TRIBAL outperforms CACHET and all combinations of scoring strategies and overlapping clustering methods, for a meet-min equal to 1.0, that is, in terms of perfect containment of a subcomplex by a reference complex. This aplies to both (a) the number of validated subcomplexes and (b) the precision or percentage of validated subcomplexes.
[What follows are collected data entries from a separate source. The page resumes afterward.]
lemma ex2_value_ex2_simplex:
  assumes "sd_chain n C"
  shows "ex2_value n (ex2_simplex n \<phi>) C = \<phi> C"
  unfolding ex2_value_def
proof (rule someI2_ex)
  show "\<exists>v. \<exists>k. \<exists>c\<in>cells (sdDelta n) k. C = c ` {0..k} \<and>
      v = ex2_simplex n \<phi> k c 0 (sd_vertex {0..k}) 0"
    using assms unfolding sd_chain_def by blast
next
  fix v assume "\<exists>k. \<exists>c\<in>cells (sdDelta n) k. C = c ` {0..k} \<and>
      v = ex2_simplex n \<phi> k c 0 (sd_vertex {0..k}) 0"
  then show "v = \<phi> C"
    by (auto simp: ex2_simplex_def sd_vertex_def cells_sdDelta_iff)
qed

lemma ex2_simplex_ex2_value:
  assumes F: "F \<in> cells (Ex (Ex (cosk0 V))) n"
  shows "ex2_simplex n (ex2_value n F) = F"
proof (intro ext)
  fix k c j d i
  show "ex2_simplex n (ex2_value n F) k c j d i = F k c j d i"
  proof (cases "c \<in> cells (sdDelta n) k \<and> d \<in> cells (sdDelta k) j")
    case False
    moreover have "F k c = undefined" if "c \<notin> cells (sdDelta n) k"
      using F that unfolding cells_Ex_iff[where n = n] sset_hom_def by blast
    moreover have "F k c j d = undefined" if "c \<in> cells (sdDelta n) k" "d \<notin> cells (sdDelta k) j"
      using Ex_Ex_cosk0_component[OF F that(1)] that(2) unfolding sset_hom_def by blast
    ultimately show ?thesis
      by (auto simp: ex2_simplex_def)
  next
    case True
    then have c: "c \<in> cells (sdDelta n) k" and d: "d \<in> cells (sdDelta k) j"
      by auto
    show ?thesis
    proof (cases "i \<le> j")
      case True
      then have "d i \<noteq> {}" "d i \<subseteq> {0..k}"
        using d by (auto simp: cells_sdDelta_iff)
      with True c d show ?thesis
        by (simp add: ex2_simplex_def ex2_value_eq[OF F c] Ex_Ex_cosk0_at_vertex[OF F c d])
    next
      case False
      have "F k c j d \<in> cells (cosk0 V) j"
        using Ex_Ex_cosk0_component[OF F c] d unfolding sset_hom_def by blast
      with False c d show ?thesis
        by (simp add: ex2_simplex_def cells_cosk0_iff)
    qed
  qed
qed

lemma ex2_value_act:
  assumes "F \<in> cells (Ex (Ex (cosk0 V))) n" and "\<forall>t\<le>m. \<theta> t \<le> n" and "sd_chain m D"
  shows "ex2_value m (act (Ex (Ex (cosk0 V))) m n \<theta> F) D = ex2_value n F (chain_map \<theta> D)"
proof -
  have "act (Ex (Ex (cosk0 V))) m n \<theta> F = ex2_simplex m (ex2_value n F \<circ> chain_map \<theta>)"
    using act_ex2_simplex[OF assms(2)] ex2_simplex_ex2_value[OF assms(1)] by metis
  with ex2_value_ex2_simplex[OF assms(3), of "ex2_value n F \<circ> chain_map \<theta>"] show ?thesis
    by simp
qed

lemma coface_neq: "coface a t \<noteq> a"
  by (simp add: coface_def)

lemma range_coface: "range (coface a) = - {a}"
proof (intro equalityI subsetI)
  fix x assume "x \<in> - {a}"
  then have "coface a (if x < a then x else x - 1) = x"
    by (auto simp: coface_def)
  then show "x \<in> range (coface a)"
    by (metis rangeI)
qed (auto simp: coface_neq)

lemma inj_coface: "inj (coface a)"
  by (rule injI) (auto simp: coface_def split: if_splits)

lemma coface_coface: "a < b \<Longrightarrow> coface b (coface a t) = coface a (coface (b - 1) t)"
  by (auto simp: coface_def)

lemma coface_bounded: "1 \<le> n \<Longrightarrow> \<forall>t\<le>n - 1. coface i t \<le> n"
proof (intro allI impI)
  fix t assume "1 \<le> n" "t \<le> n - 1"
  then have "Suc t \<le> n"
    by simp
  then show "coface i t \<le> n"
    by (simp add: coface_def)
qed

lemma chain_map_coface_inject: "chain_map (coface a) D = chain_map (coface a) D' \<Longrightarrow> D = D'"
proof -
  have "inj (image (coface a))"
    using inj_on_image_Pow[OF inj_coface[of a]] by simp
  then show "chain_map (coface a) D = chain_map (coface a) D' \<Longrightarrow> D = D'"
    unfolding chain_map_def by (simp add: inj_image_eq_iff)
qed

lemma notin_chain_map_coface: "T \<in> chain_map (coface a) D \<Longrightarrow> a \<notin> T"
  unfolding chain_map_def by (auto simp: coface_neq[symmetric])

lemma sd_chain_avoiding:
  assumes "sd_chain n C" and "a \<le> n" and avoid: "\<forall>T\<in>C. a \<notin> T"
  obtains D where "sd_chain (n - 1) D" and "C = chain_map (coface a) D"
proof -
  obtain k c where c: "c \<in> cells (sdDelta n) k" and C: "C = c ` {0..k}"
    using assms(1) unfolding sd_chain_def by blast
  define c' where "c' t = (if t \<le> k then coface a -` c t else {})" for t
  have c_c': "coface a ` c' t = c t" if "t \<le> k" for t
  proof -
    have "a \<notin> c t"
      using avoid C that by auto
    with that show ?thesis
      by (auto simp: c'_def image_vimage_eq range_coface)
  qed
  have "c' \<in> cells (sdDelta (n - 1)) k"
    unfolding cells_sdDelta_iff
  proof (intro conjI allI impI)
    fix t assume "t \<le> k"
    then show "c' t \<noteq> {}"
      using c c_c'[of t] by (auto simp: cells_sdDelta_iff)
    show "c' t \<subseteq> {0..n - 1}"
    proof
      fix u assume "u \<in> c' t"
      moreover have "c t \<subseteq> {0..n}"
        using c \<open>t \<le> k\<close> by (simp add: cells_sdDelta_iff)
      ultimately have "coface a u \<le> n"
        using \<open>t \<le> k\<close> by (auto simp: c'_def)
      with \<open>a \<le> n\<close> show "u \<in> {0..n - 1}"
        by (auto simp: coface_def split: if_splits)
    qed
  next
    fix i j assume "i \<le> j \<and> j \<le> k"
    then show "c' i \<subseteq> c' j"
      using sdDelta_mono[OF c] by (auto simp: c'_def)
  qed (simp add: c'_def)
  moreover have "C = chain_map (coface a) (c' ` {0..k})"
    unfolding C chain_map_def image_image using c_c' by simp
  ultimately show thesis
    using that unfolding sd_chain_def by blast
qed

lemma Ex_Ex_cosk0_horn_values_agree:
  assumes x: "x \<in> cells (Ex (Ex (cosk0 V))) m" and y: "y \<in> cells (Ex (Ex (cosk0 V))) m"
    and "1 \<le> m" and "i < j" and "j \<le> Suc m"
    and faces: "face (Ex (Ex (cosk0 V))) m i y = face (Ex (Ex (cosk0 V))) m (j - 1) x"
    and D: "sd_chain m D" and D': "sd_chain m D'"
    and eq: "chain_map (coface i) D = chain_map (coface j) D'"
  shows "ex2_value m x D = ex2_value m y D'"
proof -
  \<comment> \<open>\<open>D\<close> lies in the face \<open>j - 1\<close>, because \<open>coface i\<close> sends \<open>j - 1\<close> to \<open>j\<close>, which the right-hand side avoids.\<close>
  have "\<forall>T\<in>D. j - 1 \<notin> T"
  proof (intro ballI notI)
    fix T assume "T \<in> D" and "j - 1 \<in> T"
    moreover have "coface i (j - 1) = j"
      using \<open>i < j\<close> by (simp add: coface_def)
    ultimately have "j \<in> coface i ` T"
      by (metis imageI)
    moreover have "coface i ` T \<in> chain_map (coface j) D'"
      using \<open>T \<in> D\<close> eq[symmetric] by (simp add: chain_map_def)
    ultimately show False
      using notin_chain_map_coface by blast
  qed
  moreover have "j - 1 \<le> m"
    using \<open>j \<le> Suc m\<close> by simp
  ultimately obtain E where E: "sd_chain (m - 1) E" and D_E: "D = chain_map (coface (j - 1)) E"
    using sd_chain_avoiding[OF D] by blast
  have "chain_map (coface j) (chain_map (coface i) E) = chain_map (coface j) D'"
    using eq unfolding D_E chain_map_comp by (simp add: comp_def coface_coface[OF \<open>i < j\<close>])
  then have E_D': "chain_map (coface i) E = D'"
    by (rule chain_map_coface_inject)
  have "ex2_value m y D' = ex2_value (m - 1) (face (Ex (Ex (cosk0 V))) m i y) E"
    unfolding face_def E_D'[symmetric] using ex2_value_act[OF y coface_bounded[OF \<open>1 \<le> m\<close>] E] ..
  also have "\<dots> = ex2_value m x D"
    unfolding faces unfolding face_def D_E using ex2_value_act[OF x coface_bounded[OF \<open>1 \<le> m\<close>] E] .
  finally show ?thesis ..
qed

lemma Ex_Ex_cosk0_horn_values_consistent:
  assumes "k \<le> n"
    and x: "\<And>i. i \<le> n \<Longrightarrow> i \<noteq> k \<Longrightarrow> x i \<in> cells (Ex (Ex (cosk0 V))) (n - 1)"
    and compatible: "\<And>i j. i < j \<Longrightarrow> j \<le> n \<Longrightarrow> i \<noteq> k \<Longrightarrow> j \<noteq> k \<Longrightarrow>
      face (Ex (Ex (cosk0 V))) (n - 1) i (x j) = face (Ex (Ex (cosk0 V))) (n - 1) (j - 1) (x i)"
    and "i \<le> n" "i \<noteq> k" "j \<le> n" "j \<noteq> k"
    and "sd_chain (n - 1) D" "sd_chain (n - 1) D'"
    and "chain_map (coface i) D = chain_map (coface j) D'"
  shows "ex2_value (n - 1) (x i) D = ex2_value (n - 1) (x j) D'"
proof -
  have ordered: "ex2_value (n - 1) (x i) D = ex2_value (n - 1) (x j) D'"
    if "i < j" "j \<le> n" "i \<noteq> k" "j \<noteq> k" and D: "sd_chain (n - 1) D" "sd_chain (n - 1) D'"
      and eq: "chain_map (coface i) D = chain_map (coface j) D'" for i j D D'
  proof -
    have "1 \<le> n - 1"
      using that \<open>k \<le> n\<close> by linarith
    moreover have "j \<le> Suc (n - 1)"
      using that by simp
    ultimately show ?thesis
      using Ex_Ex_cosk0_horn_values_agree[OF x x _ \<open>i < j\<close> _ compatible D eq] that by simp
  qed
  show ?thesis
  proof (cases i j rule: linorder_cases)
    case equal
    with assms show ?thesis
      using chain_map_coface_inject by metis
  qed (use assms ordered in \<open>metis\<close>)+
qed

lemma Ex_Ex_cosk0_horn_filler:
  assumes "V \<noteq> {}" and "1 \<le> n" and "k \<le> n"
    and x: "\<And>i. i \<le> n \<Longrightarrow> i \<noteq> k \<Longrightarrow> x i \<in> cells (Ex (Ex (cosk0 V))) (n - 1)"
    and compatible: "\<And>i j. i < j \<Longrightarrow> j \<le> n \<Longrightarrow> i \<noteq> k \<Longrightarrow> j \<noteq> k \<Longrightarrow>
      face (Ex (Ex (cosk0 V))) (n - 1) i (x j) = face (Ex (Ex (cosk0 V))) (n - 1) (j - 1) (x i)"
  obtains y where "y \<in> cells (Ex (Ex (cosk0 V))) n"
    and "\<And>i. i \<le> n \<Longrightarrow> i \<noteq> k \<Longrightarrow> face (Ex (Ex (cosk0 V))) n i y = x i"
proof -
  define in_face where
    "in_face C i D \<longleftrightarrow> i \<le> n \<and> i \<noteq> k \<and> sd_chain (n - 1) D \<and> C = chain_map (coface i) D"
    for C i D
  have agree: "ex2_value (n - 1) (x i) D = ex2_value (n - 1) (x j) D'"
    if "in_face C i D" "in_face C j D'" for C i j D D'
    using that unfolding in_face_def
    by (intro Ex_Ex_cosk0_horn_values_consistent[where V = V and k = k] \<open>k \<le> n\<close> x compatible) auto
  define \<phi> where
    "\<phi> C = (SOME v. v \<in> V \<and> (\<forall>i D. in_face C i D \<longrightarrow> v = ex2_value (n - 1) (x i) D))" for C
  have \<phi>: "\<phi> C \<in> V \<and> (\<forall>i D. in_face C i D \<longrightarrow> \<phi> C = ex2_value (n - 1) (x i) D)" for C
    unfolding \<phi>_def
  proof (rule someI_ex)
    show "\<exists>v. v \<in> V \<and> (\<forall>i D. in_face C i D \<longrightarrow> v = ex2_value (n - 1) (x i) D)"
    proof (cases "\<exists>i D. in_face C i D")
      case True
      then obtain i D where "in_face C i D"
        by blast
      then have "ex2_value (n - 1) (x i) D \<in> V"
        unfolding in_face_def using x ex2_value_in by blast
      with \<open>in_face C i D\<close> agree show ?thesis
        by blast
    qed (use \<open>V \<noteq> {}\<close> in blast)
  qed
  show thesis
  proof
    show "ex2_simplex n \<phi> \<in> cells (Ex (Ex (cosk0 V))) n"
      using \<phi> by (intro ex2_simplex_cells) blast
  next
    fix i assume i: "i \<le> n" "i \<noteq> k"
    have "face (Ex (Ex (cosk0 V))) n i (ex2_simplex n \<phi>) = ex2_simplex (n - 1) (\<phi> \<circ> chain_map (coface i))"
      unfolding face_def using act_ex2_simplex coface_bounded[OF \<open>1 \<le> n\<close>] .
    also have "\<dots> = ex2_simplex (n - 1) (ex2_value (n - 1) (x i))"
      using \<phi> i by (intro ex2_simplex_cong) (simp add: in_face_def)
    also have "\<dots> = x i"
      using ex2_simplex_ex2_value x i by blast
    finally show "face (Ex (Ex (cosk0 V))) n i (ex2_simplex n \<phi>) = x i" .
  qed
qed

lemma kan_Ex_Ex_cosk0:
  assumes "V \<noteq> {}"
  shows "kan (Ex (Ex (cosk0 V)))"
  unfolding kan_def
proof (intro allI impI, elim conjE)
  fix n k x
  assume "1 \<le> n" "k \<le> n"
    and "\<forall>i\<le>n. i \<noteq> k \<longrightarrow> x i \<in> cells (Ex (Ex (cosk0 V))) (n - 1)"
    and "\<forall>i j. i < j \<and> j \<le> n \<and> i \<noteq> k \<and> j \<noteq> k \<longrightarrow>
      face (Ex (Ex (cosk0 V))) (n - 1) i (x j) = face (Ex (Ex (cosk0 V))) (n - 1) (j - 1) (x i)"
  with assms obtain y where "y \<in> cells (Ex (Ex (cosk0 V))) n"
    and "\<And>i. i \<le> n \<Longrightarrow> i \<noteq> k \<Longrightarrow> face (Ex (Ex (cosk0 V))) n i y = x i"
    using Ex_Ex_cosk0_horn_filler[of V n k x] by blast
  then show "\<exists>y\<in>cells (Ex (Ex (cosk0 V))) n. \<forall>i\<le>n. i \<noteq> k \<longrightarrow> face (Ex (Ex (cosk0 V))) n i y = x i"
    by blast
qed
definition tensor :: "('a, 'm, 'x) bimod_scheme \<Rightarrow> ('a, 'n, 'y) bimod_scheme \<Rightarrow> ('a, ('m \<times> 'n \<Rightarrow> int) set) bimod" where
  "tensor M N = \<lparr> carrier = tcls M N ` fgen M N,
      monoid.mult = (\<lambda>X Y. tcls M N (\<lambda>_. 0)),
      one = tcls M N (\<lambda>_. 0),
      zero = tcls M N (\<lambda>_. 0),
      add = (\<lambda>X Y. tcls M N (\<lambda>p. rep X p + rep Y p)),
      lact = (\<lambda>a X. tcls M N (fext (\<lambda>(m, n). (lact M a m, n)) (rep X))),
      ract = (\<lambda>X a. tcls M N (fext (\<lambda>(m, n). (m, ract N n a)) (rep X))) \<rparr>"

definition tmk :: "('a, 'm, 'x) bimod_scheme \<Rightarrow> ('a, 'n, 'y) bimod_scheme \<Rightarrow> 'm \<Rightarrow> 'n \<Rightarrow> ('m \<times> 'n \<Rightarrow> int) set" where
  "tmk M N m n = tcls M N (dlt (m, n))"

definition tmap :: "('a, 'm', 'x) bimod_scheme \<Rightarrow> ('a, 'n', 'y) bimod_scheme \<Rightarrow> ('m \<Rightarrow> 'm') \<Rightarrow> ('n \<Rightarrow> 'n')
    \<Rightarrow> ('m \<times> 'n \<Rightarrow> int) set \<Rightarrow> ('m' \<times> 'n' \<Rightarrow> int) set" where
  "tmap M' N' \<phi> \<psi> X = tcls M' N' (fext (\<lambda>(m, n). (\<phi> m, \<psi> n)) (rep X))"

text \<open>The additive map M \<otimes>_A N \<rightarrow> T induced by a (balanced, biadditive)
  map \<beta> : M \<times> N \<rightarrow> T: \<Sum> m \<otimes> n \<mapsto> \<Sum> \<beta> m n.\<close>
definition tlift :: "('t, 'z) ring_scheme \<Rightarrow> ('m \<Rightarrow> 'n \<Rightarrow> 't) \<Rightarrow> ('m \<times> 'n \<Rightarrow> int) set \<Rightarrow> 't" where
  "tlift T \<beta> X = (\<Oplus>\<^bsub>T\<^esub> p\<in>{p. rep X p \<noteq> 0}. add_pow T (rep X p) (\<beta> (fst p) (snd p)))"

definition tassoc :: "('a, 'm, 'x) bimod_scheme \<Rightarrow> ('a, 'n, 'y) bimod_scheme \<Rightarrow> ('a, 'p, 'w) bimod_scheme
    \<Rightarrow> ((('m \<times> 'n \<Rightarrow> int) set) \<times> 'p \<Rightarrow> int) set \<Rightarrow> ('m \<times> ('n \<times> 'p \<Rightarrow> int) set \<Rightarrow> int) set" where
  "tassoc M N P X = tlift (tensor M (tensor N P))
     (\<lambda>x p. tlift (tensor M (tensor N P)) (\<lambda>m n. tmk M (tensor N P) m (tmk N P n p)) x) X"

definition coring :: "('a::ring_1, 'c) bimod \<Rightarrow> ('c \<Rightarrow> ('c \<times> 'c \<Rightarrow> int) set) \<Rightarrow> ('c \<Rightarrow> 'a) \<Rightarrow> bool" where
  "coring C \<Delta> \<epsilon> \<longleftrightarrow> bimodule C \<and>
     bihom C (tensor C C) \<Delta> \<and> bihomA C \<epsilon> \<and>
     (\<forall>c\<in>carrier C. tassoc C C C (tmap (tensor C C) C \<Delta> id (\<Delta> c)) = tmap C (tensor C C) id \<Delta> (\<Delta> c)) \<and>
     (\<forall>c\<in>carrier C. tlift C (\<lambda>x y. lact C (\<epsilon> x) y) (\<Delta> c) = c) \<and>
     (\<forall>c\<in>carrier C. tlift C (\<lambda>x y. ract C x (\<epsilon> y)) (\<Delta> c) = c)"

definition coseparable :: "('a::ring_1, 'c) bimod \<Rightarrow> ('c \<Rightarrow> ('c \<times> 'c \<Rightarrow> int) set) \<Rightarrow> ('c \<Rightarrow> 'a)
    \<Rightarrow> (('c \<times> 'c \<Rightarrow> int) set \<Rightarrow> 'a) \<Rightarrow> bool" where
  "coseparable C \<Delta> \<epsilon> \<delta> \<longleftrightarrow> coring C \<Delta> \<epsilon> \<and>
     bihomA (tensor C C) \<delta> \<and>
     (\<forall>c\<in>carrier C. \<delta> (\<Delta> c) = \<epsilon> c) \<and>
     (\<forall>c\<in>carrier C. \<forall>c'\<in>carrier C.
        tlift C (\<lambda>x y. ract C x (\<delta> (tmk C C y c'))) (\<Delta> c)
      = tlift C (\<lambda>x y. lact C (\<delta> (tmk C C c x)) y) (\<Delta> c'))"
fun mpow_nat :: "complex^2^2 \<Rightarrow> nat \<Rightarrow> complex^2^2" where
  "mpow_nat M 0 = mat 1"
| "mpow_nat M (Suc n) = M ** mpow_nat M n"

definition mpow_int :: "complex^2^2 \<Rightarrow> int \<Rightarrow> complex^2^2" where
  "mpow_int M n = (if 0 \<le> n then mpow_nat M (nat n) else mpow_nat (matrix_inv M) (nat (- n)))"

definition word_map :: "(nat \<Rightarrow> int) \<Rightarrow> (nat \<Rightarrow> int) \<Rightarrow> nat \<Rightarrow> complex^2^2 \<Rightarrow> complex^2^2 \<Rightarrow> complex^2^2" where
  "word_map a b k X Y = foldr (\<lambda>i M. mpow_int X (a i) ** mpow_int Y (b i) ** M) [1..<k+1] (mat 1)"

definition word_map_surjective :: "(nat \<Rightarrow> int) \<Rightarrow> (nat \<Rightarrow> int) \<Rightarrow> nat \<Rightarrow> bool" where
  "word_map_surjective a b k \<longleftrightarrow> (\<forall>Z\<in>SL2. \<exists>X\<in>SL2. \<exists>Y\<in>SL2. word_map a b k X Y = Z)"

end

theory Submission
  imports Defs
begin

text \<open>Put \<open>D t = diag(t, 1/t)\<close> and \<open>U s = [[1, s], [0, 1]]\<close>. Then \<open>w(D t, U s)\<close> is upper
triangular with diagonal \<open>(t^A, t^-A)\<close> and upper right entry \<open>s t^-A \<Sum> b\<^sub>i t^(2A\<^sub>i)\<close>;
symmetrically for \<open>w(U s, D t)\<close>. Since the image of a word map is invariant under conjugation and
every element of SL(2,C) is conjugate to \<open>diag(l, 1/l)\<close> (if \<open>l \<noteq> \<plusminus>1\<close>) or to
\<open>\<plusminus>U c\<close>, the map is surjective as soon as its image contains all \<open>D l\<close>, \<open>U c\<close> and \<open>-U c\<close>.
When \<open>A \<noteq> 0\<close> the first two are obtained from \<open>w(D t, 1)\<close> and \<open>w(U s, 1) = U (A s)\<close>, and if
\<open>\<gamma>^A = -1\<close> with \<open>\<Sum> b\<^sub>i \<gamma>^(2A\<^sub>i) \<noteq> 0\<close>, then \<open>w(D \<gamma>, U s)\<close> runs through all \<open>-U c\<close>.\<close>

definition mat2 :: "complex \<Rightarrow> complex \<Rightarrow> complex \<Rightarrow> complex \<Rightarrow> complex^2^2" where
  "mat2 a b c d = (\<chi> i j. if i = 1 then (if j = 1 then a else b) else (if j = 1 then c else d))"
Figure 3An example of similarity and containment metrics.
The Jaccard and Geometric indexes are able to measure the similarity between two sets. The higher Jaccard and Geometric indexes indicate that the two sets in (a) are more “similar” to each other than the two sets in (b). In opposition, the Meet-min is a better measure of containment. The higher meet-min index shows that the two sets in (b) are a perfect set and subset, while the two sets in (a) are only overlapping. The scores show that case (a) is an example of a good similarity with a not so good containment, while (b) is an example of a good containment with a poor similarity.